[EXERCISE INPUTS Boundary: Start]
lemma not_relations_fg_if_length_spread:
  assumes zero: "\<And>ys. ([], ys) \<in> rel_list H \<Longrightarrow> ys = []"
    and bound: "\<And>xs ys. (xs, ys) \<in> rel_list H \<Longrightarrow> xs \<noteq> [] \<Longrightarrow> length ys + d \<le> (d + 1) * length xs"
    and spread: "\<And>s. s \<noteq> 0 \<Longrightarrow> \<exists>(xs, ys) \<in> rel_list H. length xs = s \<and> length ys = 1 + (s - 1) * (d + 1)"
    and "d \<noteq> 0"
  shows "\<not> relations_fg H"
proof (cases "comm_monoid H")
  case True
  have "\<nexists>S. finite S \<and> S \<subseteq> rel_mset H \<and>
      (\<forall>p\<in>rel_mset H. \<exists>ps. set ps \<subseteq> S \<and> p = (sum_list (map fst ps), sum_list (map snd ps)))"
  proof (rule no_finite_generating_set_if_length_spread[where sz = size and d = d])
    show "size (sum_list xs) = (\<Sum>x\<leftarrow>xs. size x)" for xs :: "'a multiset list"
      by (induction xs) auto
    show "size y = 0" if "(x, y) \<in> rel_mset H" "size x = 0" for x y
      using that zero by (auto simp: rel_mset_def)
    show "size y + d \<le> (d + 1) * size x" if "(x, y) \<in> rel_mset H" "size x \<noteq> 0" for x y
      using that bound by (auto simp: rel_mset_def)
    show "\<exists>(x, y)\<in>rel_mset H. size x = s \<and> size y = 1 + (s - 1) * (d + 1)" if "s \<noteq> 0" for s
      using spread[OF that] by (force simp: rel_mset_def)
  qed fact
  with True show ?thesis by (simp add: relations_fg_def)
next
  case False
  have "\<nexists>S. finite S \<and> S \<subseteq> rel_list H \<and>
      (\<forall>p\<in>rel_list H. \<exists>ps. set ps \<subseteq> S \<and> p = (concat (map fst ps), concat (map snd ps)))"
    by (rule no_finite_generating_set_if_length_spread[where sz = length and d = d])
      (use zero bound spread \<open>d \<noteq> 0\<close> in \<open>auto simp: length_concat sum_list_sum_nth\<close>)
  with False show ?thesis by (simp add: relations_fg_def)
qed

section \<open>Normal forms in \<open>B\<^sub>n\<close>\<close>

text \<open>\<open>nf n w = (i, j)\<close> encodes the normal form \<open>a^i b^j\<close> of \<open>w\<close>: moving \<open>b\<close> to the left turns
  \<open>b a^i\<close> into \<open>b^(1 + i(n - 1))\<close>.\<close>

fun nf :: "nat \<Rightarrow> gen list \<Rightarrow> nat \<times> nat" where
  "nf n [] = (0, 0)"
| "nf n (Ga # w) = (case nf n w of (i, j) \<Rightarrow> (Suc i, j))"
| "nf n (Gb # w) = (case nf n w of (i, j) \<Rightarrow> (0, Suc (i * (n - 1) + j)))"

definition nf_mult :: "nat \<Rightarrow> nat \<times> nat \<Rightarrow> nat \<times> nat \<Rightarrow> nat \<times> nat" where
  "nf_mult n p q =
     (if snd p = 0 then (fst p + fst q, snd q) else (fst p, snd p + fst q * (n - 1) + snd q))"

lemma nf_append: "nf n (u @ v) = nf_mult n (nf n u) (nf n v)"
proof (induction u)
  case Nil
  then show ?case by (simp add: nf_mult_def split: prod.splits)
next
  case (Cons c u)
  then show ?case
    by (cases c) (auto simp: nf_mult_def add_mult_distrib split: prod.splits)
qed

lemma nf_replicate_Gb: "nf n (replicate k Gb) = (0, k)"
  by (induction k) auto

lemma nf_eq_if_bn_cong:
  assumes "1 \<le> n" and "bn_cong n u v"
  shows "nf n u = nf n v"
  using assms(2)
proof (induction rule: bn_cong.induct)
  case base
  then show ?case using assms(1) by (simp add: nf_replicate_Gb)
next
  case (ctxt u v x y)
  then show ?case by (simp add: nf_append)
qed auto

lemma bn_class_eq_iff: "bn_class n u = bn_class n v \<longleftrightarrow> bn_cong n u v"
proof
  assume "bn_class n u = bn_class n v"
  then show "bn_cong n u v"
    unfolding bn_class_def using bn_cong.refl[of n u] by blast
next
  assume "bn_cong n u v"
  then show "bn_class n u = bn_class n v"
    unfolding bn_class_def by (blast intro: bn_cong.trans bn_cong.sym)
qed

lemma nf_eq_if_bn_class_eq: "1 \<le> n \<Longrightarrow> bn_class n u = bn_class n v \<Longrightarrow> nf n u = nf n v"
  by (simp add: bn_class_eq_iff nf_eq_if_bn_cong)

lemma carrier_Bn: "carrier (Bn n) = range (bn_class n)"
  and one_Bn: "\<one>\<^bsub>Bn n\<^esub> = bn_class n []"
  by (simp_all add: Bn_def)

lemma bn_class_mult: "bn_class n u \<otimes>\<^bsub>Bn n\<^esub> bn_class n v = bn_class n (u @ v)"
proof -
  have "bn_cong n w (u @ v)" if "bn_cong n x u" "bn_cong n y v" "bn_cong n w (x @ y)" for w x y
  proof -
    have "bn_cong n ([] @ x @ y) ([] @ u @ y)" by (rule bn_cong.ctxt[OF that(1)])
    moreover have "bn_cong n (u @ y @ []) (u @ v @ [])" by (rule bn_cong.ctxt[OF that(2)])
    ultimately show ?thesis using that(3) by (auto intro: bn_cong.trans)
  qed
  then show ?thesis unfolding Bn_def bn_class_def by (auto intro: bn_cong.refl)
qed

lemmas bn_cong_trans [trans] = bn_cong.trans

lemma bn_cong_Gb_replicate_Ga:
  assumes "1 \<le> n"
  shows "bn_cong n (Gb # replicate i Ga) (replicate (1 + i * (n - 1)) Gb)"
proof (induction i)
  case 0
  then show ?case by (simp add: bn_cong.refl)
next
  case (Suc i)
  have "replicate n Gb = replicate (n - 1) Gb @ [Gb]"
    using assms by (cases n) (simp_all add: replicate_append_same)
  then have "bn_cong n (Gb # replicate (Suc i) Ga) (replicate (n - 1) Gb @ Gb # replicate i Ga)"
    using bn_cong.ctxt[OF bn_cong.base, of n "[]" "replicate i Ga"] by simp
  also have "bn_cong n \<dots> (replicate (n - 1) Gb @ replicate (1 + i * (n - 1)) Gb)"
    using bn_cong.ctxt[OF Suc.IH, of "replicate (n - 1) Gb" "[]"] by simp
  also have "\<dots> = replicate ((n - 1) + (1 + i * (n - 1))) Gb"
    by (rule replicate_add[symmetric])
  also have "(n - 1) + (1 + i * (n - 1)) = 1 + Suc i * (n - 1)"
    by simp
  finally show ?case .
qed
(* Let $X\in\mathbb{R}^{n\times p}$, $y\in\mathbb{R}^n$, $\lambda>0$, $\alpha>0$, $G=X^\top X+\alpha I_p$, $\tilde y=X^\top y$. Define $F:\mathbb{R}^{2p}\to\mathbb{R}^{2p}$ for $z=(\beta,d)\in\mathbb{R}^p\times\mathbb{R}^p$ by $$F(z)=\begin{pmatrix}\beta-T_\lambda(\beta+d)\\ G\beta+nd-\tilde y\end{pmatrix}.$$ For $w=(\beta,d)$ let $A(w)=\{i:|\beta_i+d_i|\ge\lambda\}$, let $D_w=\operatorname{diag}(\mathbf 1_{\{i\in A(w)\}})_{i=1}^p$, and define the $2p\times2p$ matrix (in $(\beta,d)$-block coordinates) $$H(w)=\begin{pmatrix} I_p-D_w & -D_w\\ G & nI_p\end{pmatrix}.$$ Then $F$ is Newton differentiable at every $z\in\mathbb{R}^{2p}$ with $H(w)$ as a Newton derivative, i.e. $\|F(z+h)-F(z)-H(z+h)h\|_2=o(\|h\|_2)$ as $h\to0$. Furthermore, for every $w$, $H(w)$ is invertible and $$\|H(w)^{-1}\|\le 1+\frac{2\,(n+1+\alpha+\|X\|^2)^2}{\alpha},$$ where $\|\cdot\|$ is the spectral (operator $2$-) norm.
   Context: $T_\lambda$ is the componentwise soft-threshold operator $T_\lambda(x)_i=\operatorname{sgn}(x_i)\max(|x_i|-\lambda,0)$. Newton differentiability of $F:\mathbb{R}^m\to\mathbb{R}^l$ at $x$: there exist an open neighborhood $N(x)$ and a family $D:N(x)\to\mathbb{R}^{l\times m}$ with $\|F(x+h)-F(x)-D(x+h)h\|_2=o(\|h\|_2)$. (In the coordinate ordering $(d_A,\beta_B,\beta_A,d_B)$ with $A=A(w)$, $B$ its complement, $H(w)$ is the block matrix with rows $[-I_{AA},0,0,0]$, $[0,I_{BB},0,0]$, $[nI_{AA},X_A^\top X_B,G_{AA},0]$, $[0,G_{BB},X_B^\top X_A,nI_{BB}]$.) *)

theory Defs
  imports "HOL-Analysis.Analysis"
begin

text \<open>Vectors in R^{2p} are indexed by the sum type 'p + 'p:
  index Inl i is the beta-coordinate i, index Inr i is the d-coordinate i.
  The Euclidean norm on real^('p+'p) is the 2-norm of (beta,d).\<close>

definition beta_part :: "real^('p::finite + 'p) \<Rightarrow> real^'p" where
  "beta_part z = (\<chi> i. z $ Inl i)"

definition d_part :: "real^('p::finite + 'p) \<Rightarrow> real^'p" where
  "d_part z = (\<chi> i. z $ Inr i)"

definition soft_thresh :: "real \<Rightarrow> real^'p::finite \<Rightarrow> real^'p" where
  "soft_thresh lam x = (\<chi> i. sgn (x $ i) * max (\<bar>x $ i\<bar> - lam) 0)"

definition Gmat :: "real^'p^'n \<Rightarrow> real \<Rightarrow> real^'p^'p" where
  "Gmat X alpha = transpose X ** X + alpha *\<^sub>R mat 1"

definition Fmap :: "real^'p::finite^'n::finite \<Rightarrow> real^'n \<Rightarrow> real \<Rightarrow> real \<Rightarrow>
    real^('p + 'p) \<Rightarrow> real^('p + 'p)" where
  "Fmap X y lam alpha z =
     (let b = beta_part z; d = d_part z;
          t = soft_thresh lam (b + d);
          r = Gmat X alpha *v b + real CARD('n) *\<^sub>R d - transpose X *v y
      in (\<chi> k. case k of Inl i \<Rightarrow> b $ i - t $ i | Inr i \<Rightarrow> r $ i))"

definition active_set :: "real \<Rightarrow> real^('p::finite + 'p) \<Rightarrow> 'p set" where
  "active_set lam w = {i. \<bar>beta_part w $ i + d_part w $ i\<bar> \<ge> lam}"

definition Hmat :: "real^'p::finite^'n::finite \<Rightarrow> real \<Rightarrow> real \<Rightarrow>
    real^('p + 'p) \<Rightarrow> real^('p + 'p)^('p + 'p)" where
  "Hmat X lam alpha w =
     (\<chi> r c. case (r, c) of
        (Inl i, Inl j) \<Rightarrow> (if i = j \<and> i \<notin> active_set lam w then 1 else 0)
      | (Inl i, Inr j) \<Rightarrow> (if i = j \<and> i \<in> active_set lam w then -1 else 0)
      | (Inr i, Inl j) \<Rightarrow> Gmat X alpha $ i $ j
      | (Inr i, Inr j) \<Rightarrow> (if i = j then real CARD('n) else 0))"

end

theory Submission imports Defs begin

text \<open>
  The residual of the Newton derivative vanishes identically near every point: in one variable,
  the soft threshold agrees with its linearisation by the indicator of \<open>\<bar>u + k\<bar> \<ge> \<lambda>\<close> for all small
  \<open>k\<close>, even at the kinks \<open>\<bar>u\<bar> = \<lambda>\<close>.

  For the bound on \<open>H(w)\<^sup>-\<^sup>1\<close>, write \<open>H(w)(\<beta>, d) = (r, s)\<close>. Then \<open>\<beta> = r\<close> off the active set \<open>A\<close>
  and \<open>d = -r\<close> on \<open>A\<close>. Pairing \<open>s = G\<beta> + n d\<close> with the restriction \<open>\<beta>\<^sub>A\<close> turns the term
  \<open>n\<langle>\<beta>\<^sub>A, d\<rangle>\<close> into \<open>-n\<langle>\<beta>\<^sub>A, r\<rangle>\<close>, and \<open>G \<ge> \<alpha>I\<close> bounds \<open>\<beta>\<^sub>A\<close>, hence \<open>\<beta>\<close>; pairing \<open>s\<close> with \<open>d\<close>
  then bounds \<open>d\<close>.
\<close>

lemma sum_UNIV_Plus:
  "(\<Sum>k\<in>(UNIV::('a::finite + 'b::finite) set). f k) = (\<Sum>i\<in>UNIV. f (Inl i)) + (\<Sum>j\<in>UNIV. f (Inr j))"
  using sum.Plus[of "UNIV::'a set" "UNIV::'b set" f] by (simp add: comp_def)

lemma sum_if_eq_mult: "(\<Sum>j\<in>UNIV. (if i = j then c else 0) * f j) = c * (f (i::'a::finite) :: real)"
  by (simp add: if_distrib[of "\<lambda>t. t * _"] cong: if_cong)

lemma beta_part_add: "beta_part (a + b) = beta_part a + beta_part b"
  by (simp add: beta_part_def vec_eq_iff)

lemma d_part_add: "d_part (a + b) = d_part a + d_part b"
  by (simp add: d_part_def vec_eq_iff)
[EXERCISE INPUTS Boundary: End]
[EXERCISE INPUTS Boundary: Start]
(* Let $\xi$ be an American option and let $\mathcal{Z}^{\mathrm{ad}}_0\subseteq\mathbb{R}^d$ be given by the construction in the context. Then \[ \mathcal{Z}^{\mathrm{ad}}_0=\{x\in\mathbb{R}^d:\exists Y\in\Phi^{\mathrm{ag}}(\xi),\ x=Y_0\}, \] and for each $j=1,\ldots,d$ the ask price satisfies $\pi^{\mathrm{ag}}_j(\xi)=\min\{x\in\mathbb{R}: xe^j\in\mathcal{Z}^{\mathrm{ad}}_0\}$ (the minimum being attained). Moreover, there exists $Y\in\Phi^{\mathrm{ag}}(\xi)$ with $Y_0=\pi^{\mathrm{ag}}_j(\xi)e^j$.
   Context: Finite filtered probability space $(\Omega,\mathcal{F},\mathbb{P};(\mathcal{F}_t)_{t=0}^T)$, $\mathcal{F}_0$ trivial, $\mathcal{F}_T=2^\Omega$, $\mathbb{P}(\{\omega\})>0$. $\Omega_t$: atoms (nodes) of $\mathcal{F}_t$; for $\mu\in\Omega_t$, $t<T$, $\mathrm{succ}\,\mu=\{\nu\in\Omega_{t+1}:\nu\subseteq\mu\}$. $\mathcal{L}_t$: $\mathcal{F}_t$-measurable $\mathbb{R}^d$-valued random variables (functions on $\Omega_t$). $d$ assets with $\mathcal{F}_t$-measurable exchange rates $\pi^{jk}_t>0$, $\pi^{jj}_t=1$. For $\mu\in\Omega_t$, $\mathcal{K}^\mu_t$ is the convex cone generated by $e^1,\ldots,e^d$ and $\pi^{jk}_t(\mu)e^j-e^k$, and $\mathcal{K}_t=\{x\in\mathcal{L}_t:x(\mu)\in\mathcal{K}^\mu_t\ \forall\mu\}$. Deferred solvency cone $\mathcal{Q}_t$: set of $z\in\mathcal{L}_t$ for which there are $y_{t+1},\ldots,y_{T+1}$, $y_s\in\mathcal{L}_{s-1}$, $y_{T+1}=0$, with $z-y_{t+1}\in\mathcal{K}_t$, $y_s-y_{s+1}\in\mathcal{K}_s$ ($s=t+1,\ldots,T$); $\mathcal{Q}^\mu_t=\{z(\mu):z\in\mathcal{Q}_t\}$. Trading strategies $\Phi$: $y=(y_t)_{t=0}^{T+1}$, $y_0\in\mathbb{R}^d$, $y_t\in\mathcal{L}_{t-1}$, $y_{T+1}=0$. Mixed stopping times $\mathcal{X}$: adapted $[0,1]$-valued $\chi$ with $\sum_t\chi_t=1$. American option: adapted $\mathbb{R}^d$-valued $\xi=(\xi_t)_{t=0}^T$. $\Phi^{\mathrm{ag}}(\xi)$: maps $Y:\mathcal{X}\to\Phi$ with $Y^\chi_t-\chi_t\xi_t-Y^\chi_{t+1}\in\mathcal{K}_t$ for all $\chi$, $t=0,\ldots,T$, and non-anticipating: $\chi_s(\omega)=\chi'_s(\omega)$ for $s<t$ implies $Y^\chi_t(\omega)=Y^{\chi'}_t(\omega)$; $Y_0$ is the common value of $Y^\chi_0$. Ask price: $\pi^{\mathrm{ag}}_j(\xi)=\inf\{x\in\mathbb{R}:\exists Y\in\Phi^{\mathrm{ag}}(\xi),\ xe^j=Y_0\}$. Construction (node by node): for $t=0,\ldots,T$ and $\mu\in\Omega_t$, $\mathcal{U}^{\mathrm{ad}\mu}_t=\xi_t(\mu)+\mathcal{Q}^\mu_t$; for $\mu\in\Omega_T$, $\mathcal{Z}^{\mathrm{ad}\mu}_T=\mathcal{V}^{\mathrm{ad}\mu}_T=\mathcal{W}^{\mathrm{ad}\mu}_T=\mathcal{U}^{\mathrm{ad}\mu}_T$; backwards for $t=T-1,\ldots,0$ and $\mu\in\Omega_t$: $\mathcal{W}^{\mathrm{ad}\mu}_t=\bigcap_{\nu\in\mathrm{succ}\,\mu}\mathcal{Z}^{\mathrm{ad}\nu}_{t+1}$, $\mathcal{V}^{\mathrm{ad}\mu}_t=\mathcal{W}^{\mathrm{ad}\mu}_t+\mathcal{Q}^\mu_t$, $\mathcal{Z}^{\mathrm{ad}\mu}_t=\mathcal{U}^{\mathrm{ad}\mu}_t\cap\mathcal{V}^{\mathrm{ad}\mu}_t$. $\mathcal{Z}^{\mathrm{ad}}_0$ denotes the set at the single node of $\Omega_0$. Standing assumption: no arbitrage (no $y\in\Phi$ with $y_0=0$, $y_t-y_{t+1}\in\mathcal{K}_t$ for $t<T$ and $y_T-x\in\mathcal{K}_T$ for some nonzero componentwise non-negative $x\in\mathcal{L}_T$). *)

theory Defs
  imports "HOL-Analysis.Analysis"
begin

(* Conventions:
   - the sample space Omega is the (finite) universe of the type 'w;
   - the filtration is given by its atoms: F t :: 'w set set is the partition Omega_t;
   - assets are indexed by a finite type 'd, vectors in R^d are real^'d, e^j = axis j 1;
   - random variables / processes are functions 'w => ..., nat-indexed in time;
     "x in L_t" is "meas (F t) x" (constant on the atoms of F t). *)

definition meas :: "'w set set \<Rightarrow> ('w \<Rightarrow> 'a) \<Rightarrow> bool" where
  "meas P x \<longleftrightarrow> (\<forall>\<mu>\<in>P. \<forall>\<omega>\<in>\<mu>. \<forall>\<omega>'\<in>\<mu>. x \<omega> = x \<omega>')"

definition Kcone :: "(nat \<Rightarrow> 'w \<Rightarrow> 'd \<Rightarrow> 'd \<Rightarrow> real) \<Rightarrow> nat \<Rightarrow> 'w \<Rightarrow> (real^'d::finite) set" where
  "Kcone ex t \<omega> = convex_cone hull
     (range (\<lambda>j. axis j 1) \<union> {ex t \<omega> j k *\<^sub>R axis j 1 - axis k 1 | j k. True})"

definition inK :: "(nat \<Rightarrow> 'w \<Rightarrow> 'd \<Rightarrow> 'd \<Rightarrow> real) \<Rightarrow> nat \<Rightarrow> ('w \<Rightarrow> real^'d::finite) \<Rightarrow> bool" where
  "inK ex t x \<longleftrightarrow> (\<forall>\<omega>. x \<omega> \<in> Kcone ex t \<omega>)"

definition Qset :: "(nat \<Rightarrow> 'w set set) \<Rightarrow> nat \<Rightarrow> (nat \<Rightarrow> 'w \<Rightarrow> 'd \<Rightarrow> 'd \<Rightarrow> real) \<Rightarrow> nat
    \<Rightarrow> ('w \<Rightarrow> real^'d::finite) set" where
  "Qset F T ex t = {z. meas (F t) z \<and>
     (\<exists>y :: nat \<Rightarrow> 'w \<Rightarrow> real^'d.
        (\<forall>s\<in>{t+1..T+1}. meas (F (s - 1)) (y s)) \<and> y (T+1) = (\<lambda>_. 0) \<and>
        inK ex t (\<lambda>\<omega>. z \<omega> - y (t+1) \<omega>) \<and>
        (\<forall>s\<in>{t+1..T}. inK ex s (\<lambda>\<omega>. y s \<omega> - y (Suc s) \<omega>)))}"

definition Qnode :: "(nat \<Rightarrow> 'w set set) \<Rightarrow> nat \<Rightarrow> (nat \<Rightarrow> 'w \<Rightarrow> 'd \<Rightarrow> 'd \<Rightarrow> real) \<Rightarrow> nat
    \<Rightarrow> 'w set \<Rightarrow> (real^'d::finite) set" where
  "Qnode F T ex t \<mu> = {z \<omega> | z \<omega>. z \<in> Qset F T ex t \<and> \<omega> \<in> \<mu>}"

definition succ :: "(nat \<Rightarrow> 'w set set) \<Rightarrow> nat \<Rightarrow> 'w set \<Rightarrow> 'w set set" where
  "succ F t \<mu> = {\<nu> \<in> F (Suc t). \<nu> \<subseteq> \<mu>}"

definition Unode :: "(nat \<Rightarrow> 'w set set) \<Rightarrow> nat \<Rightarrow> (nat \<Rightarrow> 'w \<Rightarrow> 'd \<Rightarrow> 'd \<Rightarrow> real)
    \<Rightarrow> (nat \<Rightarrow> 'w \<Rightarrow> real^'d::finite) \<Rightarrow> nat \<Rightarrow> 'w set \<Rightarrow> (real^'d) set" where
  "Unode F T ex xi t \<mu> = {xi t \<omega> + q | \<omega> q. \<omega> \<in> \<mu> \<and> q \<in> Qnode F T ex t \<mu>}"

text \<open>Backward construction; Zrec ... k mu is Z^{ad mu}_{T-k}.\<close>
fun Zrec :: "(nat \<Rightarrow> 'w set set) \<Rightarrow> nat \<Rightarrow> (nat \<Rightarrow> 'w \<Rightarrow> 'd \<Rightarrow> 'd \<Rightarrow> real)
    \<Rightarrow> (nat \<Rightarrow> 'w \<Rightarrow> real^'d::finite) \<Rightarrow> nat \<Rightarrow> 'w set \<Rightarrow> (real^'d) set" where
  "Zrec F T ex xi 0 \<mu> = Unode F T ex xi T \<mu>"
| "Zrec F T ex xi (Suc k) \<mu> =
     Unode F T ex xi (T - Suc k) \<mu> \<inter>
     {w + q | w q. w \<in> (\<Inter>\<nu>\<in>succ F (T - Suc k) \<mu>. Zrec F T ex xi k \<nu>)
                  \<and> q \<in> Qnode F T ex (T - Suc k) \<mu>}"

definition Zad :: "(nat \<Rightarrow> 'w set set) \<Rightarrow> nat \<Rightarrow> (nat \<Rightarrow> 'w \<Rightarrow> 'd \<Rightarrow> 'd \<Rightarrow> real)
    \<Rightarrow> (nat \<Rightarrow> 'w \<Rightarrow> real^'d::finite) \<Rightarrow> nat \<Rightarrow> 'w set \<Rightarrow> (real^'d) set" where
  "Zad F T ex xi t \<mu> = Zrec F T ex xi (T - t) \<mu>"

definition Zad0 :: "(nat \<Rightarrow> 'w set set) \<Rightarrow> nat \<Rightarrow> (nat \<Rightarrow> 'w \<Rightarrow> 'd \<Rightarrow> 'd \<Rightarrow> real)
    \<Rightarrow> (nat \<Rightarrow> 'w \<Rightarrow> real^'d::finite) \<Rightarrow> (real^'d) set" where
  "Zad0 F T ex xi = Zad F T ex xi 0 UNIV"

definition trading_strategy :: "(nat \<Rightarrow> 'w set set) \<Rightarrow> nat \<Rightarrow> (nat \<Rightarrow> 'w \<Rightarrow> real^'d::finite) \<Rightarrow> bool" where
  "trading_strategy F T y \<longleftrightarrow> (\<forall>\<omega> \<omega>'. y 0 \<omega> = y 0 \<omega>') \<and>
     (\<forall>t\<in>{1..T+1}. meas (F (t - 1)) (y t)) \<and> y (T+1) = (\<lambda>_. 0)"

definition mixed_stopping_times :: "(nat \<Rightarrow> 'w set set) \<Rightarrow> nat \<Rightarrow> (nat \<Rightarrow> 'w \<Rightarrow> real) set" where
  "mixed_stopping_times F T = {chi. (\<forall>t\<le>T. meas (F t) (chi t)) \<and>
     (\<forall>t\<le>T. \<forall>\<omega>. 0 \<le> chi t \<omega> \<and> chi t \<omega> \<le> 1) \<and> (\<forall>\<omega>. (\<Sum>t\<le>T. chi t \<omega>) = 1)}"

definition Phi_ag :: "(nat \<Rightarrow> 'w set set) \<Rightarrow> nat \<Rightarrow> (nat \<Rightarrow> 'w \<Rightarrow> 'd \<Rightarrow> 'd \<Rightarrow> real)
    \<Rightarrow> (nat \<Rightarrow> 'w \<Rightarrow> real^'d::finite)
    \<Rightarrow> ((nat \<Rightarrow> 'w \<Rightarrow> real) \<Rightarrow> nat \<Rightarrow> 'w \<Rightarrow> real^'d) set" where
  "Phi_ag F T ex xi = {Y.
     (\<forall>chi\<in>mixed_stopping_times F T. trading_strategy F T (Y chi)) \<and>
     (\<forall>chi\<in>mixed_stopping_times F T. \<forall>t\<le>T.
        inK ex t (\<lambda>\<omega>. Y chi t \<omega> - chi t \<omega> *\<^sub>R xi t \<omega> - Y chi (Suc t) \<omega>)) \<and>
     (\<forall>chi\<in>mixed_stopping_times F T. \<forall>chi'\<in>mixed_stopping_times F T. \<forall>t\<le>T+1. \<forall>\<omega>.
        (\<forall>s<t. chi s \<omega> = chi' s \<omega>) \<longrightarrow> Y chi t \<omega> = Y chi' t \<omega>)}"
[EXERCISE INPUTS Boundary: End]
[EXERCISE INPUTS Boundary: Start]
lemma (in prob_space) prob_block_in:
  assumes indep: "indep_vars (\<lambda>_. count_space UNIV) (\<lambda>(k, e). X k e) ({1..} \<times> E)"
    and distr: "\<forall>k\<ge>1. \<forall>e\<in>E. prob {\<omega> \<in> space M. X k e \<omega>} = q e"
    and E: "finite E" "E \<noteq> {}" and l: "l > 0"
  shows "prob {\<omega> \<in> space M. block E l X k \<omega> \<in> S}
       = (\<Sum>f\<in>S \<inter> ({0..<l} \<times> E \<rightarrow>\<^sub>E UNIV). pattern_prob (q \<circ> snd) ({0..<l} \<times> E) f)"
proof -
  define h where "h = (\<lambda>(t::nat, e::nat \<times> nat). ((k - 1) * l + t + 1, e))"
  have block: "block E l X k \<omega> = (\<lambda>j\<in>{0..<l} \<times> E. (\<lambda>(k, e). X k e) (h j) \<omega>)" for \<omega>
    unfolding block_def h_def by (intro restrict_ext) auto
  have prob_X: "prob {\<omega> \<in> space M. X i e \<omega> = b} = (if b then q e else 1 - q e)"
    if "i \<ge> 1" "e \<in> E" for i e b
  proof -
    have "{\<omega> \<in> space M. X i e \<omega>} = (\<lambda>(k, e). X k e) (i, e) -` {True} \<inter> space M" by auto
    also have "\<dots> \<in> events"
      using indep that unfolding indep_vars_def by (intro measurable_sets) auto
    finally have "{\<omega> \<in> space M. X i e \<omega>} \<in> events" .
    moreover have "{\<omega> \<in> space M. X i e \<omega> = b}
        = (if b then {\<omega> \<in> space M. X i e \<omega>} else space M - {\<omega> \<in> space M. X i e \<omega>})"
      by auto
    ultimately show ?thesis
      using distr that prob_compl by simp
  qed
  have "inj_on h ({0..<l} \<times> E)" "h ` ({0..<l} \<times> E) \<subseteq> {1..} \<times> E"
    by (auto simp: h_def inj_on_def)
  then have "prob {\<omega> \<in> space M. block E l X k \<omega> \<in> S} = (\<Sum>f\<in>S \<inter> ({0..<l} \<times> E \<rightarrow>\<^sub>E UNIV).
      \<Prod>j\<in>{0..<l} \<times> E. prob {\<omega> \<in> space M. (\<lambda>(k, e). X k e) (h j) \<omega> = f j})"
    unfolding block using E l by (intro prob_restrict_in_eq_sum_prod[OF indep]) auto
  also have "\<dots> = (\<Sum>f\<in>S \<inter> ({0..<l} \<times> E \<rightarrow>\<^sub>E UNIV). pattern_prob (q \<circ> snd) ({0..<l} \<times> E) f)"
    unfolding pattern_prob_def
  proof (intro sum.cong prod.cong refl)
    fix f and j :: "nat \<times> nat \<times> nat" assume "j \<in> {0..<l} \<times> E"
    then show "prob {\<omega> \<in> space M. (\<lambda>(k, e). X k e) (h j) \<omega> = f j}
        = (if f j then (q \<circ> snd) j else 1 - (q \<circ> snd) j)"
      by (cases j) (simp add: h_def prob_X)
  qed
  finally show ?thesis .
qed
[EXERCISE INPUTS Boundary: End]
- **EXERCISE PROMPT**: Write down only how many lines of the entries above include the word "bsub".

- **THE ANSWER**: 2